There are many reasons for purchasing life insurance among which are the following:

  •  Family protection to provide financial security to surviving family members upon the death of the insured person.
  • Insurance to cover a particular need such as paying off a mortgage or consumer debt upon the insured’s death.
  • Business insurance to compensate a company on the death of a key employee or to provide a surviving partner the resources to buy out the deceased partner’s share of the business.
  • To provide funds to pay estate taxes or other final obligations necessary to settle a deceased person’s estate.
  • To provide the funds necessary for the deceased person’s burial expenses.

Accumulation of funds to supplement retirement income if you are going to make a good choice when you buy life insurance, you need to understand which kinds are available. If one kind does not seem to fit your needs, ask about the other policies which are described in this guide. If you need more information than is given here, you should check with a life insurance agent or company or consult books on life insurance which are available at your public library. Also, the Department of Insurance has a toll-free hotline listed in this brochure to assist you.

Choosing the amount

You should elect an amount necessary to meet the needs you are trying to satisfy.

Choosing the type of life insurance

There are two basic types of life insurance, term insurance and cash value insurance. There are many variations on them.
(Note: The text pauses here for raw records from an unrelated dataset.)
(* Let $V$ be a $(\mathfrak g,K)$-module. For integers $h\equiv p\bmod2$, $p\ge0$, define on $V_{h,p,p}$ the operators $S^{3}_{1}=Z_{31}$, $S^{-3}_{1}=Z_{23}$, $S^{3}_{-1}=Z_{32}+\frac1{2(p+1)}Z_{12}Z_{31}$, $S^{-3}_{-1}=Z_{13}-\frac1{2(p+1)}Z_{12}Z_{23}$. Then $S^3_1$ maps $V_{h,p,p}$ into $V_{h+3,p+1,p+1}$, $S^{-3}_1$ maps it into $V_{h-3,p+1,p+1}$, $S^3_{-1}$ into $V_{h+3,p-1,p-1}$ and $S^{-3}_{-1}$ into $V_{h-3,p-1,p-1}$. Moreover $S^3_1$ and $S^{-3}_1$ commute, and $S^{3}_{-1}$ and $S^{-3}_{-1}$ commute (as compositions between highest weight spaces).
   Context: $G=\mathrm{SU}(2,1)=\{g\in\mathrm{SL}_3(\mathbb C):\bar g^tI_{2,1}g=I_{2,1}\}$, $I_{2,1}=\mathrm{diag}(1,1,-1)$, with Lie algebra $\mathfrak g$ whose complexification is identified with $\mathfrak{sl}_3(\mathbb C)$; $E_{ij}$ denotes the matrix unit. $K=\{k(\eta,\alpha,\beta)\}$, $k(\eta,\alpha,\beta)=\begin{pmatrix}\eta\alpha&\eta\beta&0\\-\eta\bar\beta&\eta\bar\alpha&0\\0&0&\eta^{-2}\end{pmatrix}$ ($|\eta|=1,|\alpha|^2+|\beta|^2=1$). Irreducible representations of $K$: $\tau^h_p$ ($p\ge0$, $h\equiv p\bmod2$), $\tau^h_p(k(\eta,\alpha,\beta))=\eta^{-h}\tau_p\begin{pmatrix}\alpha&\beta\\-\bar\beta&\bar\alpha\end{pmatrix}$, $\tau_p$ the $(p+1)$-dim. irreducible representation of $\mathrm{SU}(2)$. A $(\mathfrak g,K)$-module has compatible actions of $\mathfrak g$ (extended complex-linearly to $\mathfrak{sl}_3(\mathbb C)$) and $K$, all vectors $K$-finite. $V_{h,p}$ is the $\tau^h_p$-isotypic subspace, and $V_{h,p,p}=\{v\in V_{h,p}:W_0v=-ipv\}$ with $W_0=\mathrm{diag}(i,-i,0)$ ($V_{h,p,p}=0$ if $p<0$). Elements of $\mathfrak{sl}_3(\mathbb C)$: $Z_{12}=2E_{12}$, $Z_{21}=-2E_{21}$, $Z_{13}=E_{13}$, $Z_{31}=E_{31}$, $Z_{23}=E_{23}$, $Z_{32}=E_{32}$. *)

theory Defs
  imports "HOL-Analysis.Analysis"
begin

type_synonym cmat = "complex^3^3"

definition Emat :: "3 \<Rightarrow> 3 \<Rightarrow> cmat" where
  "Emat i j = (\<chi> a b. if a = i \<and> b = j then 1 else 0)"

definition msc :: "complex \<Rightarrow> cmat \<Rightarrow> cmat" (infixr "*m" 75) where
  "c *m X = (\<chi> i j. c * X $ i $ j)"

definition mtrace :: "cmat \<Rightarrow> complex" where
  "mtrace X = (\<Sum>i\<in>UNIV. X $ i $ i)"

definition sl3 :: "cmat set" where
  "sl3 = {X. mtrace X = 0}"

definition kmat :: "complex \<Rightarrow> complex \<Rightarrow> complex \<Rightarrow> cmat" where
  "kmat \<eta> \<alpha> \<beta> = (\<eta> * \<alpha>) *m Emat 1 1 + (\<eta> * \<beta>) *m Emat 1 2
      + (- \<eta> * cnj \<beta>) *m Emat 2 1 + (\<eta> * cnj \<alpha>) *m Emat 2 2
      + inverse (\<eta>^2) *m Emat 3 3"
Term Policies provide life insurance for a specified period of time. These policies provide benefits in the event of death, but they generate no “cash value”. If you have a limited amount to spend, and only need insurance for a finite period of time, you may be able to get more coverage by buying term insurance than by buying cash value insurance. Keep in mind that the cost of term insurance increases as you get older, which may make it more expensive than cash value insurance in the long run. Today’s term policies usually have two sets of premiums – guaranteed maximum premiums, and “current premiums”, which are usually much lower, but which can be changed by the company. The company cannot increase current premium above the guaranteed maximum premiums shown in the policy.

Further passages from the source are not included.